This experimental project that combines data science and statistical processes, design-thinking techniques, and qualitative research methods. It was launched by UNHCR’s Innovation Service in May 2017 to make better decisions with regards to population movements in the Horn of Africa.
Project Jetson, with its machine-learned predictive analytics engine, is first of its kind in the humanitarian sector. The overall goal is to expand to more regions with improved automation processes and publish one deployable package for partners and other audiences to benefit from it.
The above range is based on different computer models that are selected based on two factors: 1) the best model data that ‘fits’ the historical data (R^2), and 2) its mean absolute error (MAE).
The MAE measures the accuracy of future month predictions, and is the difference between the future predictive arrivals vs. actual future arrivals. In short, it describes the margin of error of arrivals. So the higher the MAE, the less accurate the prediction. The MAE varies from model to model.
R^2 is the value of how close the model is based on historical data. The closer (or fit) the model, the higher the value, with 1.0 being the most ideal fit.
Version 1 and 2 focused on the concept of the predictive analytics engine and simulated arrival figures. Version 3 provides a functioning technology and model that predicts regional arrivals with 75% to 99% accuracy of the model.
Design: The newest version of Jetson provides a lighter, faster, and a simpler user interface with the key focus on predicted monthly arrival figures rather than a simulation of population from version 1 and 2.
Automation Process: 50% of processes completed in version 1 and 2 were done by humans but are now performed automatically, by machines, freeing up valuable time for further development and expansion of prediction regions. We are still refining the processes to be almost semi-automated (still humans are needed to ‘click’ the button to execute the various processes). .

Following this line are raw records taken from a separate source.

lemma window_exists:
  assumes R: "\<xi> \<le> R" and large: "2 * R < \<delta> W (P 0) (P n)"
  obtains a b where "window R W a b"
proof -
  define a where "a = (GREATEST i. i \<le> n \<and> \<delta> W (P 0) (P i) \<le> R)"
  have "0 \<le> n \<and> \<delta> W (P 0) (P 0) \<le> R"
    using dpi_pt_self_less[OF chain_points, of 0 W] R by simp
  then have a: "a \<le> n \<and> \<delta> W (P 0) (P a) \<le> R"
    unfolding a_def by (rule GreatestI_nat[where b=n]) simp
  have after_a: "R < \<delta> W (P 0) (P i)" if "a < i" "i \<le> n" for i
  proof (rule ccontr)
    assume "\<not> R < \<delta> W (P 0) (P i)"
    then have "i \<le> a" unfolding a_def using that(2) by (intro Greatest_le_nat[where b=n]) auto
    then show False using that(1) by simp
  qed
  define b where "b = (LEAST j. a \<le> j \<and> j \<le> n \<and> \<delta> W (P j) (P n) \<le> R)"
  have "a \<le> n \<and> n \<le> n \<and> \<delta> W (P n) (P n) \<le> R"
    using a dpi_pt_self_less[OF chain_points, of n W] R by simp
  then have b: "a \<le> b \<and> b \<le> n \<and> \<delta> W (P b) (P n) \<le> R"
    unfolding b_def by (rule LeastI)
  have before_b: "R < \<delta> W (P j) (P n)" if "a \<le> j" "j < b" for j
    using not_less_Least[of j] that b unfolding b_def by fastforce
  have "a \<noteq> b"
  proof
    assume "a = b"
    then have "\<delta> W (P 0) (P n) \<le> 2 * R"
      using dpi_pt_triangle[of "P 0" "P a" "P n" W] chain_points a b by fastforce
    then show False using large by linarith
  qed
  then have "window R W a b"
    unfolding window_def using a b after_a before_b by auto
  then show thesis by (rule that)
qed

lemma window_cost:
  assumes "window R W a b"
  shows "\<delta> W (P 0) (P n) \<le> 2 * R + (\<Sum>k\<in>{a..<b}. c k)"
proof -
  have "a < b" "b \<le> n" and ends: "\<delta> W (P 0) (P a) \<le> R" "\<delta> W (P b) (P n) \<le> R"
    using assms unfolding window_def by auto
  then have "\<delta> W (P 0) (P n) \<le> \<delta> W (P 0) (P a) + \<delta> W (P a) (P b) + \<delta> W (P b) (P n)"
    using dpi_pt_triangle[of "P 0" "P a" "P n" W] dpi_pt_triangle[of "P a" "P b" "P n" W] chain_points
    by fastforce
  then show ?thesis using dpi_pt_le_sum[OF \<open>a < b\<close> \<open>b \<le> n\<close>, of W] ends by linarith
qed

lemma windows_disjoint:
  assumes WW': "W \<noteq> W'" and win: "window R W a b" "window R W' a' b'"
    and R: "\<bar>L\<bar> + 4 * \<xi> \<le> R"
    and large: "2 * \<xi> \<le> \<delta> W (P 0) (P n)" "2 * \<xi> \<le> \<delta> W' (P 0) (P n)"
  shows "{a..<b} \<inter> {a'..<b'} = {}"
proof (rule ccontr)
  assume "{a..<b} \<inter> {a'..<b'} \<noteq> {}"
  then obtain i where "i \<in> {a..<b}" "i \<in> {a'..<b'}" by blast
  then have i: "a \<le> i" "i < b" "a' \<le> i" "i < b'" by auto
  then have "i < n" using win unfolding window_def by auto
  let ?x = "P 0" and ?z = "P n" and ?p = "P i" and ?q = "P (Suc i)"
  have pts: "?x \<in> points S" "?z \<in> points S" "?p \<in> points S" "?q \<in> points S"
    using chain_points \<open>i < n\<close> by auto
  have far: "R < \<delta> W ?p ?z" "R < \<delta> W' ?p ?z" "R < \<delta> W ?x ?q" "R < \<delta> W' ?x ?q"
    using win i unfolding window_def by auto
  obtain w where w: "w \<in> points S" "fst w = W" using obtain_point_in_space[OF WW'] .
  obtain w' where w': "w' \<in> points S" "fst w' = W'" using obtain_point_in_space[OF WW'[symmetric]] .
  have "2 * \<xi> \<le> R" using R xi_pos abs_ge_zero[of L] by linarith
  have crossing: "R - 2 * \<xi> < \<delta> W ?p ?q \<and> R - 2 * \<xi> < \<delta> W' ?p ?q"
    using large_projections_ordered[OF WW' w w' pts(1,2) large]
  proof
    assume "\<delta> W ?x w' < \<xi> \<and> \<delta> W' w ?z < \<xi>"
    then show ?thesis
      using ordered_pair_crossing_large[OF WW'[symmetric] w' w pts _ _ \<open>2 * \<xi> \<le> R\<close> far(2,3)] by auto
  next
    assume "\<delta> W' ?x w < \<xi> \<and> \<delta> W w' ?z < \<xi>"
    then show ?thesis
      using ordered_pair_crossing_large[OF WW' w w' pts _ _ \<open>2 * \<xi> \<le> R\<close> far(1,4)] by auto
  qed
  from step_within_or_edge[OF \<open>i < n\<close>] show False
  proof
    assume "fst ?p = fst ?q"
    then have "\<delta> W ?p ?q < \<xi> \<or> \<delta> W' ?p ?q < \<xi>"
      using WW' by (cases "fst ?p = W") (auto intro: dpi_pt_same_space_less)
    then show False by (elim disjE) (use crossing R abs_ge_zero[of L] xi_pos in linarith)+
  next
    assume "c i = L"
    then have "\<delta> W ?p ?q \<le> \<bar>L\<bar>" using dpi_pt_step_le[OF \<open>i < n\<close>, of W] by linarith
    then show False using crossing R xi_pos by linarith
  qed
qed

Climate: FAO-SWALIM, WMO, IGAD-ICPAC, UNOSAT, World Bank
Infrastructure: UNOSAT
Conflict: ACLED
Food Security: FAO-FSNAU, FEWES
Data Science support: UN Global Pulse, Essex University, Uptake.org
The next steps for Project Jetson are to improve the software deployment of the service and introduce new prediction regions.
We aim to have the predictive analytics software as a complete package that can be installed and run locally, by operations (and in some cases individuals).
The Jetson complete package will consist of the following processes:
Collecting data from multiple online sources
Transforming data into-machine readable formats and pushing it online
Running the predictive analytics algorithms
Analysing the model's results
Running the analysed statistical correlations to compare model's accuracy vs. actual figures
Detecting the arrival range (predicted population arrivals)
Deciding on best model according to human decision-making rules
Communicating and visualizing the results for the operation
The deployable package will also include a model monitoring element that picks the best algorithm for the next month and detects the population arrival range, according to analysed correlations. The arrival range on the website is the result of this process.
The automation effort of all technical processes involved will be continuing, therefore minimising human decision making and ‘interference’ where not relevant. This will leave more resources for the Jetson team to focus on top line decisions for the predicted arrivals and the project in general.